◆ EXERCISE INSTRUCTIONS
Search the data below for the word "fixes" and report how many lines contain it. Nothing but the number is needed.

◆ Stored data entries
++++++++++++++++++++

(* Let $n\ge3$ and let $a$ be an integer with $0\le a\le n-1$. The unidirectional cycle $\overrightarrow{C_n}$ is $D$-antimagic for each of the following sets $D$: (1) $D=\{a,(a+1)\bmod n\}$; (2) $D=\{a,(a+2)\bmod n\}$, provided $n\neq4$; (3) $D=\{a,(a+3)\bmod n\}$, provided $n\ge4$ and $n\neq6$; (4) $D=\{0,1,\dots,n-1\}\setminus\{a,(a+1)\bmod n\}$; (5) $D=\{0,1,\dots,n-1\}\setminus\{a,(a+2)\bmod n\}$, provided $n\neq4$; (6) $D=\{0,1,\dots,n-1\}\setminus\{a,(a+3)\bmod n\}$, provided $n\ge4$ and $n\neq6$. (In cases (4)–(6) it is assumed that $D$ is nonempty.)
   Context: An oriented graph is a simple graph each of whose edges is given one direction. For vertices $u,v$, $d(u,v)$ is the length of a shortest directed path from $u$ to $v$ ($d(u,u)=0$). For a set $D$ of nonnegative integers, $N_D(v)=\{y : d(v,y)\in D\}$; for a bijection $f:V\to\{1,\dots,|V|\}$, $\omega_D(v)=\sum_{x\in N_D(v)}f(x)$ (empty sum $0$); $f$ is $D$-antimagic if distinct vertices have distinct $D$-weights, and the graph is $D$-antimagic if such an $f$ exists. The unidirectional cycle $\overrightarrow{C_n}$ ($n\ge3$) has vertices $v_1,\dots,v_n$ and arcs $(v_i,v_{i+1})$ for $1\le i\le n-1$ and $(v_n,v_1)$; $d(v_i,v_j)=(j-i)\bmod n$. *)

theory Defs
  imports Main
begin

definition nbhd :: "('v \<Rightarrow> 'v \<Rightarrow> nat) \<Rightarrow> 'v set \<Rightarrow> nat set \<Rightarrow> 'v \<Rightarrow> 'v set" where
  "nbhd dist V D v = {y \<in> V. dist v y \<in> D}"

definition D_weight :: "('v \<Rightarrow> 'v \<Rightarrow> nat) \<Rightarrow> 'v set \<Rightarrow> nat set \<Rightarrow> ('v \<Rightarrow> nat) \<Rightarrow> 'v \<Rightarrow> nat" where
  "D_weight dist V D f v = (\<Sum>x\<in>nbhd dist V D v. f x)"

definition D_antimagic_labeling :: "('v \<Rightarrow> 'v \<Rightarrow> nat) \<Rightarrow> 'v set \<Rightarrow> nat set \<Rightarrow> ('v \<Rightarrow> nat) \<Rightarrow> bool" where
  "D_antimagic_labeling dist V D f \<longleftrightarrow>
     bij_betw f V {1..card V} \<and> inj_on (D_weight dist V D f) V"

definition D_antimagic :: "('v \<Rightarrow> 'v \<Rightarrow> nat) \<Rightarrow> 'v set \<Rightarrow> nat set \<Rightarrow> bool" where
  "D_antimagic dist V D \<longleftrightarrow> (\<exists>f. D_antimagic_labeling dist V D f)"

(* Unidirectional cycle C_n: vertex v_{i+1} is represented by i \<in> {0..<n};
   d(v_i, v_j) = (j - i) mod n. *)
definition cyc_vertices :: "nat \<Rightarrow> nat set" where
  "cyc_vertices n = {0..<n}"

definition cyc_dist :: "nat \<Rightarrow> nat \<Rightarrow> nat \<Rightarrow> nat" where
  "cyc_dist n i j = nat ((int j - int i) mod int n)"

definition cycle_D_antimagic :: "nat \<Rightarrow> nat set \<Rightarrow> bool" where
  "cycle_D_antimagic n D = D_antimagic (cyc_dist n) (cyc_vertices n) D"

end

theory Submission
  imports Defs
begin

++++++++++++++++++++

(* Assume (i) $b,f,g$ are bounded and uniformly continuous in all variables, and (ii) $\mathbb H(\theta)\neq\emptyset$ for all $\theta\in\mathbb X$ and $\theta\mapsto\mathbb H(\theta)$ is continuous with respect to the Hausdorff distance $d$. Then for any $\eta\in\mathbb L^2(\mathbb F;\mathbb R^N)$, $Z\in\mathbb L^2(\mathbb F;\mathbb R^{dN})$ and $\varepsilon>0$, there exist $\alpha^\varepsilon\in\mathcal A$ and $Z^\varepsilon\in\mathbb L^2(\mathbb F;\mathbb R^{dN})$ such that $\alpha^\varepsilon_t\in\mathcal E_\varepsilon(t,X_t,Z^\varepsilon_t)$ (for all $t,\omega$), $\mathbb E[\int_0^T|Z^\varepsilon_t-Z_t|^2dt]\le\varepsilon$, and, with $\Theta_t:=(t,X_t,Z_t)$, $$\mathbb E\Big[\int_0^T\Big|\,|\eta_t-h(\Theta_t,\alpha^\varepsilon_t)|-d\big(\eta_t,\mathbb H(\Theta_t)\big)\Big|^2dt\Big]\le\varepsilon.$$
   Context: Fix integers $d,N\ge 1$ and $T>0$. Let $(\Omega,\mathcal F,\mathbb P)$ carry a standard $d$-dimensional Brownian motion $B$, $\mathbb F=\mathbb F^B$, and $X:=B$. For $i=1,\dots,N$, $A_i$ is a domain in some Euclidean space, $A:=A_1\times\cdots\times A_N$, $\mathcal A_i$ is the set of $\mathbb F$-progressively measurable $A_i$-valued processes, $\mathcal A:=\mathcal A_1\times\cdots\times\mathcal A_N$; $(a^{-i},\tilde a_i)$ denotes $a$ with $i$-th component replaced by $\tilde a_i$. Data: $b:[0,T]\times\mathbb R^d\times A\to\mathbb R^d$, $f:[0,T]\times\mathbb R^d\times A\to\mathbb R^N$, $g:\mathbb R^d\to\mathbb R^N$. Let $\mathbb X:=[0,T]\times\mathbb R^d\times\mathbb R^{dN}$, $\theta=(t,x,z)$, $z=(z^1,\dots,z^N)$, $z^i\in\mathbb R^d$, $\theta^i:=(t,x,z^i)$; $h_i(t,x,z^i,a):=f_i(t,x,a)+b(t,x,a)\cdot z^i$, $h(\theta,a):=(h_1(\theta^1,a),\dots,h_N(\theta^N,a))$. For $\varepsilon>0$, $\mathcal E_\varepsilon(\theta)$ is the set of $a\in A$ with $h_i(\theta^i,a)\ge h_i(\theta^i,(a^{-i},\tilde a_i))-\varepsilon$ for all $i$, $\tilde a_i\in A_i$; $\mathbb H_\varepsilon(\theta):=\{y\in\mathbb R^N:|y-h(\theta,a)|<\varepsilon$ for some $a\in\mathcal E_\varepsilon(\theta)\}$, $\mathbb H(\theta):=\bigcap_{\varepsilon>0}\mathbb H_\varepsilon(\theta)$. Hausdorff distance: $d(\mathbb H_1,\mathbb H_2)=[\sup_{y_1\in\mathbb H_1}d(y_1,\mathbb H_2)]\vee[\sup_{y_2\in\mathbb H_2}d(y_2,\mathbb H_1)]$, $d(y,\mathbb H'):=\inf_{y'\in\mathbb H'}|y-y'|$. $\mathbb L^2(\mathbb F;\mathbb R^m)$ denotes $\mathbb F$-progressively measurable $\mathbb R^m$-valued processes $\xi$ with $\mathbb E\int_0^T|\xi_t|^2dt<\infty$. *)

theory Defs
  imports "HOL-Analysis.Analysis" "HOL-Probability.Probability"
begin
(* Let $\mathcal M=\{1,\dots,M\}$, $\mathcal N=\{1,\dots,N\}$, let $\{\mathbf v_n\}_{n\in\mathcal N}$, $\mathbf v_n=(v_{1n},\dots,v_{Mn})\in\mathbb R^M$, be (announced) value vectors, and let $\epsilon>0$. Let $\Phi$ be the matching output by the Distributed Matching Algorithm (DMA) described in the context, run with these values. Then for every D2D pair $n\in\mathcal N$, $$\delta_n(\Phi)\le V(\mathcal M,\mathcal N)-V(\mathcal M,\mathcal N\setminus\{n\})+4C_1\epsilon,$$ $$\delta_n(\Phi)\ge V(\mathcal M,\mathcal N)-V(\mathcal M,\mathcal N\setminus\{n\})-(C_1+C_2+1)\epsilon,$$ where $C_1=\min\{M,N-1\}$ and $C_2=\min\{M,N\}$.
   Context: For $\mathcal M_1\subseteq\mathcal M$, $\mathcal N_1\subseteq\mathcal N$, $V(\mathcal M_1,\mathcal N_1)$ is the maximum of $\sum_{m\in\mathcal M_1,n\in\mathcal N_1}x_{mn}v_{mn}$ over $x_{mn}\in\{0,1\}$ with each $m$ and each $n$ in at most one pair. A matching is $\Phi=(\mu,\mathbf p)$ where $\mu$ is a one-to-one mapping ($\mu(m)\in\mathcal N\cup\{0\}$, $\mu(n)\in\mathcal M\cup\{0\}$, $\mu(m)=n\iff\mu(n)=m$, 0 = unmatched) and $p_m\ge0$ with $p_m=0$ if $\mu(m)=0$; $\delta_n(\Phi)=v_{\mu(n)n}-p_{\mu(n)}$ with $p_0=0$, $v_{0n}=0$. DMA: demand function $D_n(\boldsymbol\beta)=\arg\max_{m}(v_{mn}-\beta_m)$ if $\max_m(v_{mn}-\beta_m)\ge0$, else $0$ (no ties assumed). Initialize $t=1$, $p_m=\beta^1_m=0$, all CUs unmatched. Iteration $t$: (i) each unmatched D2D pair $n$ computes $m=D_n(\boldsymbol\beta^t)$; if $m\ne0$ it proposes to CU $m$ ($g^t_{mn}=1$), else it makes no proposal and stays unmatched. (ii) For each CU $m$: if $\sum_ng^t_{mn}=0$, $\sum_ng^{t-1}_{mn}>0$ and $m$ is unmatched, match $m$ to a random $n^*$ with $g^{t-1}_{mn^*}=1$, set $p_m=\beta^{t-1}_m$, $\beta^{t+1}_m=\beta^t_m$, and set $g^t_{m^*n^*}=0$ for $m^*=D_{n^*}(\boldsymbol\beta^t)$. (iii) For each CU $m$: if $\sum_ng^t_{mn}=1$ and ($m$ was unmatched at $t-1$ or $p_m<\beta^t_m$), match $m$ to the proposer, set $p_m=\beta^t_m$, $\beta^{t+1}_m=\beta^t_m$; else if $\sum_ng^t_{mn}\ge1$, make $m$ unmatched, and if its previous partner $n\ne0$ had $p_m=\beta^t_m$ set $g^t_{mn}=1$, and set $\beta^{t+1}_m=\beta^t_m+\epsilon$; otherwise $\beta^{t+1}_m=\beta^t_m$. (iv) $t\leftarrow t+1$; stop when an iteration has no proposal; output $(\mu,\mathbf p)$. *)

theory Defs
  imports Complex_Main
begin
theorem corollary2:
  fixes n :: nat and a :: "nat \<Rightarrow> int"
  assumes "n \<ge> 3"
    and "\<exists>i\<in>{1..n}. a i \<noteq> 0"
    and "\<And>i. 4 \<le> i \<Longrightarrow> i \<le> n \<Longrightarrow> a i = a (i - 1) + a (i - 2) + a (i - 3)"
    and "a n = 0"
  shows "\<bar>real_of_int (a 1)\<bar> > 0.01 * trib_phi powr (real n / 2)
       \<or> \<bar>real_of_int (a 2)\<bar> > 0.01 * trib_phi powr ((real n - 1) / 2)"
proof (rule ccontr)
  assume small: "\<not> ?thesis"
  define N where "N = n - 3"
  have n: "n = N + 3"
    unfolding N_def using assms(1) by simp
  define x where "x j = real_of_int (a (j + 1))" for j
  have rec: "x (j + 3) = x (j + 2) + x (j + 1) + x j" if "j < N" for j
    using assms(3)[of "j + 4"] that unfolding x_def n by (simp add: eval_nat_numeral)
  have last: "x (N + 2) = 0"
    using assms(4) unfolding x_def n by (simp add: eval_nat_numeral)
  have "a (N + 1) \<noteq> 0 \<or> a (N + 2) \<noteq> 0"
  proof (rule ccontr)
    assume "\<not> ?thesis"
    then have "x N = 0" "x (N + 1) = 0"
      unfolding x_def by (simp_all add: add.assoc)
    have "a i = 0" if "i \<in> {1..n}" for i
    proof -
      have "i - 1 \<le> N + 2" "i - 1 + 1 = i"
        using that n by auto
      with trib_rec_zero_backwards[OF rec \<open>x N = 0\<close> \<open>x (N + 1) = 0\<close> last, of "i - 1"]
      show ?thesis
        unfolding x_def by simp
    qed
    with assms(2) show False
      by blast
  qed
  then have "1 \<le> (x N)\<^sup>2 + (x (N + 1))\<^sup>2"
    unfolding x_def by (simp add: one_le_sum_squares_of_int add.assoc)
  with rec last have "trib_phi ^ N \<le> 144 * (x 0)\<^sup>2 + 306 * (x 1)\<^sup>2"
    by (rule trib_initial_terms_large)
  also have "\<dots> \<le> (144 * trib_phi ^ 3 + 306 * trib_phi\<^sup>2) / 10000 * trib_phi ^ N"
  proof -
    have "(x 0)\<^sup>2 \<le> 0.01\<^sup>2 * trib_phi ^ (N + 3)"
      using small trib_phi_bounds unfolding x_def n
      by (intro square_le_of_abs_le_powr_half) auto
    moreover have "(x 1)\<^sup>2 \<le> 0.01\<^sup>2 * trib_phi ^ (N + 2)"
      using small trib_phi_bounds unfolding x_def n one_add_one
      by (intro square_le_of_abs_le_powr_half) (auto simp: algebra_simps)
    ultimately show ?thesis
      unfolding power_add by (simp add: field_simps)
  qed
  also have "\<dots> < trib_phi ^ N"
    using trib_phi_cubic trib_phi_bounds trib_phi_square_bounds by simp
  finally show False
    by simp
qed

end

++++++++++++++++++++

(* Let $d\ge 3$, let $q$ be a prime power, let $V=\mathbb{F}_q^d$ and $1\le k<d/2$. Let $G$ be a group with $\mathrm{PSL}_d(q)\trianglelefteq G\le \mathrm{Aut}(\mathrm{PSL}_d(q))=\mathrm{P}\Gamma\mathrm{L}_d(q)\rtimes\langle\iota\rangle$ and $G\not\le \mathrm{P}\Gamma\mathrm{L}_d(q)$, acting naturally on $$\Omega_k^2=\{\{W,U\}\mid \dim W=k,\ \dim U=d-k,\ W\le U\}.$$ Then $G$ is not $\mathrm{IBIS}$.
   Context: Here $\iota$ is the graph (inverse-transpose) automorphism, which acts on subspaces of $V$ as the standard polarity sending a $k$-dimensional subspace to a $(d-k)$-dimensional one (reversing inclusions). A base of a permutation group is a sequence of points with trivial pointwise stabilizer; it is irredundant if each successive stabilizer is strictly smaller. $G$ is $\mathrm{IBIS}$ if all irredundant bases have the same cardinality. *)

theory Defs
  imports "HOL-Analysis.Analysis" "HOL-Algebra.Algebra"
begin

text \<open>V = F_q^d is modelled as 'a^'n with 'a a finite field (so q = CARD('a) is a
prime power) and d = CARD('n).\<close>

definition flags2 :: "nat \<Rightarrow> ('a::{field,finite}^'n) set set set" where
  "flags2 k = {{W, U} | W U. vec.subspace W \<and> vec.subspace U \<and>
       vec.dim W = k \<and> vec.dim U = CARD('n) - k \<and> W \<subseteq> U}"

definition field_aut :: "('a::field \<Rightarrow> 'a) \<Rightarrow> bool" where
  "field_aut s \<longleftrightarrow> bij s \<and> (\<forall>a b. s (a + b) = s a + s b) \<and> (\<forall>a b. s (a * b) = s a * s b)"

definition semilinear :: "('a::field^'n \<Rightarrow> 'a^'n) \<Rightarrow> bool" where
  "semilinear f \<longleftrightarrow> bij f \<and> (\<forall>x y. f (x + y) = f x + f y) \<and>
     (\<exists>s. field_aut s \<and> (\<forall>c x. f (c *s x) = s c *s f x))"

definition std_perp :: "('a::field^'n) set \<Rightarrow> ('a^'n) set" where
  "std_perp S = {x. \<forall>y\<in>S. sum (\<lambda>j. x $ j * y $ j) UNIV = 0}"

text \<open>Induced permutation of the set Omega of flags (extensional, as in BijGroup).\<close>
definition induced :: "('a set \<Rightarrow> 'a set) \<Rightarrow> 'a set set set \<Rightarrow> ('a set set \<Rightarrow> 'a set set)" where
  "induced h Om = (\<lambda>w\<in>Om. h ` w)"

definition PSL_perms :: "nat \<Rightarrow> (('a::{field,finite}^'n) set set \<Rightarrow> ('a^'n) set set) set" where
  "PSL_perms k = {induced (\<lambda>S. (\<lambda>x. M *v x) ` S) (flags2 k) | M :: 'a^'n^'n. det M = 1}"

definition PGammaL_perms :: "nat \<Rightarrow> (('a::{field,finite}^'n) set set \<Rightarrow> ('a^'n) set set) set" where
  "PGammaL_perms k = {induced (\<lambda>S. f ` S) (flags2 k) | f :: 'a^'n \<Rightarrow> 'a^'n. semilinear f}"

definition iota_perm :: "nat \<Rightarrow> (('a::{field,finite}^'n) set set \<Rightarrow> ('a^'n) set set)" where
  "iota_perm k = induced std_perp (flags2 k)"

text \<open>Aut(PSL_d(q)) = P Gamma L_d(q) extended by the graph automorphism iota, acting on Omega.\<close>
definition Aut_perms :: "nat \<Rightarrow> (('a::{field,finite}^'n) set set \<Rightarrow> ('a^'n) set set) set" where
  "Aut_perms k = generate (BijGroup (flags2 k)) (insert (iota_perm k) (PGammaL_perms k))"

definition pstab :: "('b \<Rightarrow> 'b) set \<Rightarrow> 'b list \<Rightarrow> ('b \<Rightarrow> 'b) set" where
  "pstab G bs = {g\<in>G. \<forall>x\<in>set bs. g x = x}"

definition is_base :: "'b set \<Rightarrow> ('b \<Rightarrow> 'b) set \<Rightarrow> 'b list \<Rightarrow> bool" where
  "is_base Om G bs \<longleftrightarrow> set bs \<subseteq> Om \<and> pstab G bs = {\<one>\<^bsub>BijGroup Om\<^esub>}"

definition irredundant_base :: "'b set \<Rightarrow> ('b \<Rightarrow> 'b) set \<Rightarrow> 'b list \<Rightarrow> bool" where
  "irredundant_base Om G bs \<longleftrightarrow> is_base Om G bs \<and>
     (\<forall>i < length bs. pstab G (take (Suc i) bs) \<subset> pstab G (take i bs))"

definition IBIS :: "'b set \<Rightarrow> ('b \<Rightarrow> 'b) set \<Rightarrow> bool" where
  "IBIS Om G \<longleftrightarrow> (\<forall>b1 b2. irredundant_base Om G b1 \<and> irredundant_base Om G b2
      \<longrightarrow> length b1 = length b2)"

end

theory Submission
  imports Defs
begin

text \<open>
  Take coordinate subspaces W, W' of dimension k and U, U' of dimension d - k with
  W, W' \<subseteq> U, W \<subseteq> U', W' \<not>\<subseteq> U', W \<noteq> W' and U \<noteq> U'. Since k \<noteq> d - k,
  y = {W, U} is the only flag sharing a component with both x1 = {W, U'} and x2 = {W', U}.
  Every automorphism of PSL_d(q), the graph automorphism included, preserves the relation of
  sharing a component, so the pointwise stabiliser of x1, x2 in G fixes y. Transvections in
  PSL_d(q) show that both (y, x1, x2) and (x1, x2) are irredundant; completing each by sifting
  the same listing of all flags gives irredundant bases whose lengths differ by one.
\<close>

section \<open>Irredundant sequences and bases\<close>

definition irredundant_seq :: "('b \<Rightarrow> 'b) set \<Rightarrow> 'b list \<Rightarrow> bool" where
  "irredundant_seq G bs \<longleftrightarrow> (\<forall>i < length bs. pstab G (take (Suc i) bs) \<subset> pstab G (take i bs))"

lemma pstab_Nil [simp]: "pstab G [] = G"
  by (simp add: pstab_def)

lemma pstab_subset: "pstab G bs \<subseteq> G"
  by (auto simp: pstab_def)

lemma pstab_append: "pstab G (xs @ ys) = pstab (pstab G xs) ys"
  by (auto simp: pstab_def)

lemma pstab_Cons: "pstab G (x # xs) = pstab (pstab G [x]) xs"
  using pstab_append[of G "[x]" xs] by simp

++++++++++++++++++++

◆ ANSWER FOR THE TASK
2